Surrogate Mother vs Gestational Carrier

Is there a difference between “surrogacy” and “gestational carrier”?

If you’re a woman considering the surrogacy process, this is probably a question you’ve found yourself asking. In your research, you have most likely found the terms “surrogate,” “surrogate mother,” and “gestational carrier” used interchangeably.

So, which is it?

We’re here to clear things up. This is, more than anything, a matter of terminology. But, as you’ll see, the words we use do matter, especially if you are considering the surrogacy process for yourself. Keep reading to find out why.

Gestational Carrier vs. Surrogacy

The surrogacy process has been around for a while, but it is still a relatively new way to start or grow a family. Plus, the process has experienced a noticeable surge in popularity in recent years. Because of this, there’s still a lot of confusion out there about the process.

This confusion includes the terms involved, like the difference between “surrogate” and “gestational carrier.” The two may sound the same, and they are often used interchangeably. But, as you’ll see, your choice of words matters.

Using the correct term can help others understand the process and empower women who choose to become gestational carriers.

What’s the Difference Between ‘Surrogate’ and ‘Gestational Carrier?’

In order to explain the difference between “surrogate” and “gestational carrier,” there’s something else you need to understand: the two different types of surrogacy.
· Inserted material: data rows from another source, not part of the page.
definition parabolic :: "mat2 \<Rightarrow> bool" where
  "parabolic A \<longleftrightarrow> A \<in> SL2 \<and> \<bar>A$1$1 + A$2$2\<bar> = 2 \<and> A \<noteq> mat 1 \<and> A \<noteq> - mat 1"

definition moeb :: "mat2 \<Rightarrow> complex \<Rightarrow> complex" where
  "moeb A z = (of_real (A$1$1) * z + of_real (A$1$2)) / (of_real (A$2$1) * z + of_real (A$2$2))"

text \<open>Action on the boundary \<open>\<real> \<union> {\<infinity>}\<close>, with \<open>None\<close> standing for \<open>\<infinity>\<close>.\<close>
fun moeb_bd :: "mat2 \<Rightarrow> real option \<Rightarrow> real option" where
  "moeb_bd A None = (if A$2$1 = 0 then None else Some (A$1$1 / A$2$1))"
| "moeb_bd A (Some x) = (if A$2$1 * x + A$2$2 = 0 then None
       else Some ((A$1$1 * x + A$1$2) / (A$2$1 * x + A$2$2)))"

text \<open>The horocycle centred at \<open>x \<in> \<real>\<close> with Euclidean diameter \<open>D > 0\<close>, with its
  (hyperbolic) unit-speed parametrization \<open>s \<mapsto> x - D/(s + i)\<close>, its point set and
  the open horoball it bounds.\<close>
definition horo :: "real \<Rightarrow> real \<Rightarrow> real \<Rightarrow> complex" where
  "horo x D s = of_real x - of_real D / (of_real s + \<i>)"

definition horocycle :: "real \<Rightarrow> real \<Rightarrow> complex set" where
  "horocycle x D = range (horo x D)"

definition horoball :: "real \<Rightarrow> real \<Rightarrow> complex set" where
  "horoball x D = ball (Complex x (D/2)) (D/2)"

text \<open>The signed shift of the parabolic \<open>p\<close> along the horocycle:
  \<open>p (H(s)) = H(s + \<tau>)\<close>; the horocyclic length \<open>\<ell>(H,p)\<close> is \<open>|\<tau>|\<close>.\<close>
definition horo_shift :: "real \<Rightarrow> real \<Rightarrow> mat2 \<Rightarrow> real" where
  "horo_shift x D p = (THE \<tau>. \<forall>s. moeb p (horo x D s) = horo x D (s + \<tau>))"

definition horo_len :: "real \<Rightarrow> real \<Rightarrow> mat2 \<Rightarrow> real" where
  "horo_len x D p = \<bar>horo_shift x D p\<bar>"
First, there’s traditional surrogacy. In this process, the surrogate’s own egg is used in the fertilization process, which makes her the biological mother of the baby.

Then, there’s gestational surrogacy. In the gestational surrogacy process, an intended parent’s or donor’s egg is used for an embryo transfer. This means that the gestational carrier is not biologically related to the child in any way.
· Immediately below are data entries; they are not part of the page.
lemma quot_val_eq_val:
  assumes x: "x \<in> carrier A"
  shows "quot_val A F x = val x"
  unfolding quot_val_def
proof (rule the_equality)
  have kernel: "{y \<in> carrier A. val y = 1} = F"
    using val_eq_one_iff filter_subset by auto
  then show "\<exists>h. std_hom A h \<and> {y \<in> carrier A. h y = 1} = F \<and> val x = h x"
    using std_hom_val by blast
  show "v = val x" if "\<exists>h. std_hom A h \<and> {y \<in> carrier A. h y = 1} = F \<and> v = h x" for v
    using that kernel std_hom_unique[OF _ std_hom_val _ x] by auto
qed

end

lemma (in pavelka_algebra) inf01_r_imp_boolean:
  fixes \<phi> \<psi> :: "'a \<Rightarrow> real"
  assumes \<psi>: "std_hom A \<psi>"
    and \<phi>_range: "\<And>a. a \<in> carrier A \<Longrightarrow> \<phi> a \<in> {0..1}"
    and \<phi>_imp: "\<And>r a. 0 \<le> r \<Longrightarrow> r \<le> 1 \<Longrightarrow> a \<in> carrier A \<Longrightarrow> \<phi> (cst A r \<rightharpoonup> a) = r_imp (of_rat r) (\<phi> a)"
    and \<phi>_odot: "\<And>a b. a \<in> carrier A \<Longrightarrow> b \<in> carrier A \<Longrightarrow> r_times (\<phi> a) (\<phi> b) \<le> \<phi> (a \<odot> b)"
  shows "inf01 ((\<lambda>a. r_imp (\<phi> a) (\<psi> a)) ` carrier A) \<in> {0, 1}"
proof (cases "\<forall>a \<in> carrier A. \<phi> a \<le> \<psi> a")
  case True
  then have "(\<lambda>a. r_imp (\<phi> a) (\<psi> a)) ` carrier A = (\<lambda>a. 1) ` carrier A"
    by (intro image_cong) (simp_all add: r_imp_def)
  also have "\<dots> = {1}"
    using one_closed by (rule image_constant)
  finally have "(\<lambda>a. r_imp (\<phi> a) (\<psi> a)) ` carrier A = {1}" .
  then show ?thesis
    by (simp add: inf01_def)
next
  case False
  then obtain a where a: "a \<in> carrier A" "\<psi> a < \<phi> a"
    by force
  then obtain q where q: "\<psi> a < of_rat q" "of_rat q < \<phi> a"
    using of_rat_dense by blast
  have "0 \<le> \<psi> a" "\<phi> a \<le> 1"
    using a \<phi>_range std_hom_range[OF \<psi>] by auto
  with q have "0 \<le> (of_rat q :: real)" "(of_rat q :: real) \<le> 1"
    by linarith+
  then have q01: "0 \<le> q" "q \<le> 1"
    by simp_all
  define b where "b = cst A q \<rightharpoonup> a"
  have b: "b \<in> carrier A"
    using a q01 by (simp add: b_def)
  have "\<phi> b = 1"
    using a q q01 by (simp add: b_def \<phi>_imp r_imp_def)
  then have \<phi>_pow: "\<phi> (odot_pow b n) = 1" for n
  proof (induction n)
    case 0
    have "\<one> = cst A 0 \<rightharpoonup> a"
      using a by (simp add: imp_def one_def[symmetric])
    with a \<phi>_range[OF a(1)] show ?case
      by (simp add: \<phi>_imp r_imp_def)
  next
    case (Suc n)
    then have "1 \<le> \<phi> (odot_pow b (Suc n))"
      using b \<phi>_odot[of b "odot_pow b n"] by (simp add: r_times_def)
    with b \<phi>_range[of "odot_pow b (Suc n)"] show ?case
      by simp
  qed
  have \<psi>_b: "\<psi> b = 1 - (of_rat q - \<psi> a)"
    using a q q01 \<psi> by (simp add: b_def std_hom_imp std_hom_cst r_imp_def)
  obtain n where n: "1 < of_nat n * (of_rat q - \<psi> a)"
    using q ex_less_of_nat_mult[of "of_rat q - \<psi> a" 1] by auto
  have "\<psi> (odot_pow b n) = max 0 (1 - of_nat n * (of_rat q - \<psi> a))"
    using \<psi> b by (simp add: std_hom_odot_pow \<psi>_b)
  also have "\<dots> = 0"
    using n by simp
  finally have "r_imp (\<phi> (odot_pow b n)) (\<psi> (odot_pow b n)) = 0"
    by (simp add: \<phi>_pow r_imp_def)
  moreover have "odot_pow b n \<in> carrier A"
    using b by simp
  ultimately have "0 \<in> (\<lambda>a. r_imp (\<phi> a) (\<psi> a)) ` carrier A"
    by (rule image_eqI[OF sym])
  moreover have "0 \<le> r_imp (\<phi> x) (\<psi> x)" if "x \<in> carrier A" for x
    using \<phi>_range[OF that] std_hom_range[OF \<psi> that] by (simp add: r_imp_def)
  ultimately have "inf01 ((\<lambda>a. r_imp (\<phi> a) (\<psi> a)) ` carrier A) = 0"
    by (auto intro: inf01_eq_minimum)
  then show ?thesis
    by simp
qed

lemma rel_R_boolean:
  assumes A: "is_pavelka A" and B: "is_pavelka B" and adj: "adjoint_pair A B f g"
    and f_odot: "\<forall>x\<in>carrier A. \<forall>y\<in>carrier A. mv_le B (mv_times B (f x) (f y)) (f (mv_times A x y))"
    and F: "F \<in> spec_M A" and G: "G \<in> spec_M B"
  shows "rel_R A B f F G \<in> {0, 1}"
proof -
  interpret A: pavelka_maximal_filter A F
    using A F by unfold_locales (auto simp: is_pavelka_def spec_M_def)
  interpret B: pavelka_maximal_filter B G
    using B G by unfold_locales (auto simp: is_pavelka_def spec_M_def)
  have f_closed: "f a \<in> carrier B" if "a \<in> carrier A" for a
    using adj that by (simp add: adjoint_pair_def)
  have f_imp: "f (mv_imp A (cst A r) a) = mv_imp B (cst B r) (f a)"
    if "0 \<le> r" "r \<le> 1" "a \<in> carrier A" for r a
    using adj that by (simp add: adjoint_pair_def)
  have "rel_R A B f F G = inf01 ((\<lambda>a. r_imp (B.val (f a)) (A.val a)) ` carrier A)"
    unfolding rel_R_def by (simp add: A.quot_val_eq_val B.quot_val_eq_val f_closed cong: image_cong)
  also have "\<dots> \<in> {0, 1}"
  proof (rule A.inf01_r_imp_boolean)
    show "std_hom A A.val"
      by (rule A.std_hom_val)
    show "B.val (f a) \<in> {0..1}" if "a \<in> carrier A" for a
      using that f_closed B.val_range by blast
    show "B.val (f (mv_imp A (cst A r) a)) = r_imp (of_rat r) (B.val (f a))"
      if "0 \<le> r" "r \<le> 1" "a \<in> carrier A" for r a
      using that by (simp add: f_imp f_closed B.std_hom_imp[OF B.std_hom_val] B.val_cst)
    show "r_times (B.val (f a)) (B.val (f b)) \<le> B.val (f (mv_times A a b))"
      if "a \<in> carrier A" "b \<in> carrier A" for a b
    proof -
      have "r_times (B.val (f a)) (B.val (f b)) = B.val (mv_times B (f a) (f b))"
        using that f_closed by (simp add: B.std_hom_odot[OF B.std_hom_val])
      also have "\<dots> \<le> B.val (f (mv_times A a b))"
        using that f_odot f_closed by (simp add: B.std_hom_mono[OF B.std_hom_val])
      finally show ?thesis .
    qed
  qed
  finally show ?thesis .
qed

theorem theorem10:
  shows "(\<forall>(I :: 'i set) (J :: 'j set) (R :: 'i \<Rightarrow> 'j \<Rightarrow> real) (x :: 'i \<Rightarrow> real) y.
            (\<forall>i\<in>I. \<forall>j\<in>J. R i j \<in> {0, 1}) \<and>
            (\<forall>i\<in>I. x i \<in> {0..1}) \<and> (\<forall>i\<in>I. y i \<in> {0..1}) \<longrightarrow>
            (\<forall>j\<in>J. r_times (f_R I R x j) (f_R I R y j)
                      \<le> f_R I R (\<lambda>i. r_times (x i) (y i)) j))
       \<and>
       (\<forall>(A :: 'a pav) (B :: 'b pav) (f :: 'a \<Rightarrow> 'b) (g :: 'b \<Rightarrow> 'a).
            is_pavelka A \<and> is_pavelka B \<and> semisimple A \<and> semisimple B \<and>
            adjoint_pair A B f g \<and>
            (\<forall>x\<in>carrier A. \<forall>y\<in>carrier A. mv_le B (mv_times B (f x) (f y)) (f (mv_times A x y)))
            \<longrightarrow>
            (\<forall>F\<in>spec_M A. \<forall>G\<in>spec_M B. rel_R A B f F G \<in> {0, 1}))"
proof (intro conjI allI impI ballI)
  fix I :: "'i set" and J :: "'j set" and R :: "'i \<Rightarrow> 'j \<Rightarrow> real" and x y :: "'i \<Rightarrow> real" and j
  assume "(\<forall>i\<in>I. \<forall>j\<in>J. R i j \<in> {0, 1}) \<and> (\<forall>i\<in>I. x i \<in> {0..1}) \<and> (\<forall>i\<in>I. y i \<in> {0..1})"
    and "j \<in> J"
  then show "r_times (f_R I R x j) (f_R I R y j) \<le> f_R I R (\<lambda>i. r_times (x i) (y i)) j"
    by (intro f_R_r_times) auto
next
  fix A :: "'a pav" and B :: "'b pav" and f :: "'a \<Rightarrow> 'b" and g :: "'b \<Rightarrow> 'a" and F G
  assume "is_pavelka A \<and> is_pavelka B \<and> semisimple A \<and> semisimple B \<and> adjoint_pair A B f g \<and>
      (\<forall>x\<in>carrier A. \<forall>y\<in>carrier A. mv_le B (mv_times B (f x) (f y)) (f (mv_times A x y)))"
    and "F \<in> spec_M A" "G \<in> spec_M B"
  then show "rel_R A B f F G \<in> {0, 1}"
    using rel_R_boolean[of A B f g F G] by blast
qed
When most people think of surrogacy, they probably think of traditional surrogacy. That’s totally understandable, because most people are not all that familiar with how the embryo transfer process actually works. However, the truth is that most professionals today, including Southern Surrogacy, will only provide services for a gestational surrogacy process.
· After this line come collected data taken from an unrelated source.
text \<open>Doubling both profiles makes all margin differences even, as required for shifts built from
  single preference switches.\<close>

lemma singleton_choice_mono:
  fixes f :: "('a::finite) profile \<Rightarrow> 'a set"
  assumes pw: "pairwise_SCC f" and sp: "strategyproof f" and hom: "homogeneous f"
    and R: "is_profile R" and R': "is_profile R'" and fR: "f R = {x}"
    and le: "\<And>w. majority_margin R x w \<le> majority_margin R' x w"
  shows "f R' = {x}"
proof -
  define D where "D u w = majority_margin R' u w - majority_margin R u w" for u w
  have "D u w = - D w u" for u w
    using majority_margin_antisym[of R' u w] majority_margin_antisym[of R u w] by (simp add: D_def)
  moreover have "0 \<le> D x w" for w
    using le[of w] by (simp add: D_def)
  ultimately have "choice_stable_shift f {x} (\<lambda>u w. 2 * D u w)"
    by (rule choice_stable_shift_singleton[OF pw sp])
  moreover have "is_profile (copies 2 R)" "f (copies 2 R) = {x}"
    using R fR homogeneousD[OF hom R] by (simp_all add: is_profile_copies)
  ultimately obtain R'' where R'': "is_profile R''" "f R'' = {x}"
    "majority_margin R'' = (\<lambda>u w. majority_margin (copies 2 R) u w + 2 * D u w)"
    unfolding choice_stable_shift_def by blast
  have "majority_margin R'' = majority_margin (copies 2 R')"
    using R R' by (simp add: R''(3) D_def majority_margin_copies fun_eq_iff algebra_simps)
  then have "f R'' = f (copies 2 R')"
    using pw R''(1) R' by (intro pairwise_SCCD) (simp_all add: is_profile_copies)
  then show ?thesis
    using R''(2) homogeneousD[OF hom R'] by simp
qed

lemma abs_le_sum_abs:
  fixes g :: "'a::finite \<Rightarrow> int"
  shows "\<bar>g c\<bar> \<le> (\<Sum>w\<in>UNIV. \<bar>g w\<bar>)"
  by (rule member_le_sum) auto

lemma set_non_imposingE:
  assumes "set_non_imposing f" "X \<noteq> {}"
  obtains R where "is_profile R" "f R = X"
  using assms by (auto simp: set_non_imposing_def)

lemma choice_eq_singleton_by_dominance:
  fixes f :: "('a::finite) profile \<Rightarrow> 'a set"
  assumes pw: "pairwise_SCC f" and sp: "strategyproof f" and hom: "homogeneous f"
    and R: "is_profile R" and fR: "f R = {x}" and S: "is_profile S" and fS: "f S = X"
    and "x \<in> X" and "k \<ge> 1"
    and dominated: "\<And>w. w \<in> X \<Longrightarrow> majority_margin R x w \<le> int k * majority_margin S x w"
  shows "X = {x}"
proof -
  define n where "n = nat (\<Sum>w\<in>UNIV. \<bar>majority_margin R x w - int k * majority_margin S x w\<bar>)"
  have "is_profile (copies k S)" "f (copies k S) = X"
    using S fS homogeneousD[OF hom S \<open>k \<ge> 1\<close>] \<open>k \<ge> 1\<close> by (simp_all add: is_profile_copies)
  moreover have "choice_stable_shift f X (\<lambda>u w. int n * (2 * block_margin X u w))"
    by (intro choice_stable_shift_scale choice_stable_shift_block pw sp)
  ultimately obtain S' where S': "is_profile S'" "f S' = X"
    "majority_margin S'
      = (\<lambda>u w. majority_margin (copies k S) u w + int n * (2 * block_margin X u w))"
    unfolding choice_stable_shift_def by blast
  have "majority_margin R x w \<le> majority_margin S' x w" for w
  proof (cases "w \<in> X")
    case True
    then show ?thesis
      using dominated \<open>x \<in> X\<close> S \<open>k \<ge> 1\<close> by (simp add: S'(3) majority_margin_copies block_margin_def)
  next
    case False
    have "majority_margin R x w - int k * majority_margin S x w \<le> int n"
      using abs_le_sum_abs[of "\<lambda>w. majority_margin R x w - int k * majority_margin S x w" w]
      unfolding n_def by linarith
    then show ?thesis
      using False \<open>x \<in> X\<close> S \<open>k \<ge> 1\<close> by (simp add: S'(3) majority_margin_copies block_margin_def)
  qed
  then have "f S' = {x}"
    by (rule singleton_choice_mono[OF pw sp hom R S'(1) fR])
  with S'(2) show ?thesis
    by simp
qed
Gestational surrogacy poses less legal and emotional risk for the gestational carrier and for the intended parents, and it is the primary type of surrogacy that women considering becoming a carrier are interested in.

This brings us back to the big difference between “surrogate” and “gestational carrier.” When you call someone a “surrogate mother,” you are implying the type of biological connection that would exist in traditional surrogacy. But, since most women are actually taking part in gestational surrogacies, it is much more accurate to use the term “gestational carrier.”

Why Does the Difference Between ‘Surrogate’ and ‘Gestational Carrier’ Matter?

It might seem like splitting hairs, but the difference between “surrogate” and “gestational carrier” does matter. The biggest reason for this is that the DNA of the baby is, often, very important to both intended parents and gestational carriers. In gestational surrogacy, there is no DNA connection between the carrier and the baby. Since “surrogate” is typically used to refer to traditional surrogacy, it implies a DNA connection.

However, most people will not mind it if you use the term “surrogate.” What really bothers people is the term “surrogate mother.” A gestational carrier is doing something brave, beautiful and life changing. But, she is not a mother.

“Surrogate mother” mixes up the roles in a complex, emotional and delicate process. That’s why it is best to avoid using the term “surrogate mother,” instead opting simply for “surrogate,” or, even better, “gestational carrier.”

The words we use carry weight, and, now that you know the difference, you can choose to use words to speak accurately and encouragingly about the surrogacy process.

Why Southern Surrogacy Uses Both Terms

After spending all the time going over the details of terms like gestational carrier vs. surrogacy, you may wonder why you see the term “surrogate” show up on our website, alongside “gestational carrier.”

Simply put: We want this process to be accessible to anyone who believes it could be right for their life. In an effort to make the gestational surrogacy process approachable, we sometimes have to meet people where they are with language.

While “gestational carrier” is the better term, we also know that it sounds a bit like complicated medical jargon to someone who is interested in, but unfamiliar with, the surrogacy process. For this reason, we may use the terms interchangeably. 

Learn More About Our Program

Surrogacy, as you can see, can be complicated. That’s why it is so important to have the best information available if you are considering the process. Our team can help.

Our surrogacy program is designed to ensure that you feel safe, confident and supported throughout your process. We place a high value on personalized services, and the experience of our team means you can trust that you are in good hands.

If you think that becoming a gestational carrier could be the right thing for you, then the first thing to do is check on our surrogacy requirements. These include:

  • Be at least 21 years old
  • Have a previous healthy pregnancy
  • Be raising your own child in your home
  • Be smoke- and drug-free
  • Have a healthy BMI
  • Be able to travel for surrogacy appointments
  • Live in Georgia, South Carolina, North Carolina, Tennessee or Alabama
  • And more

Once these initial screening requirements are met, we’ll conduct a more in-depth medical and psychological screening. All of this is meant to ensure that you are prepared for a successful process. Our goal is always to put you in the best situation, which includes thorough screening, a personal approach to finding a match, support at every step, and more.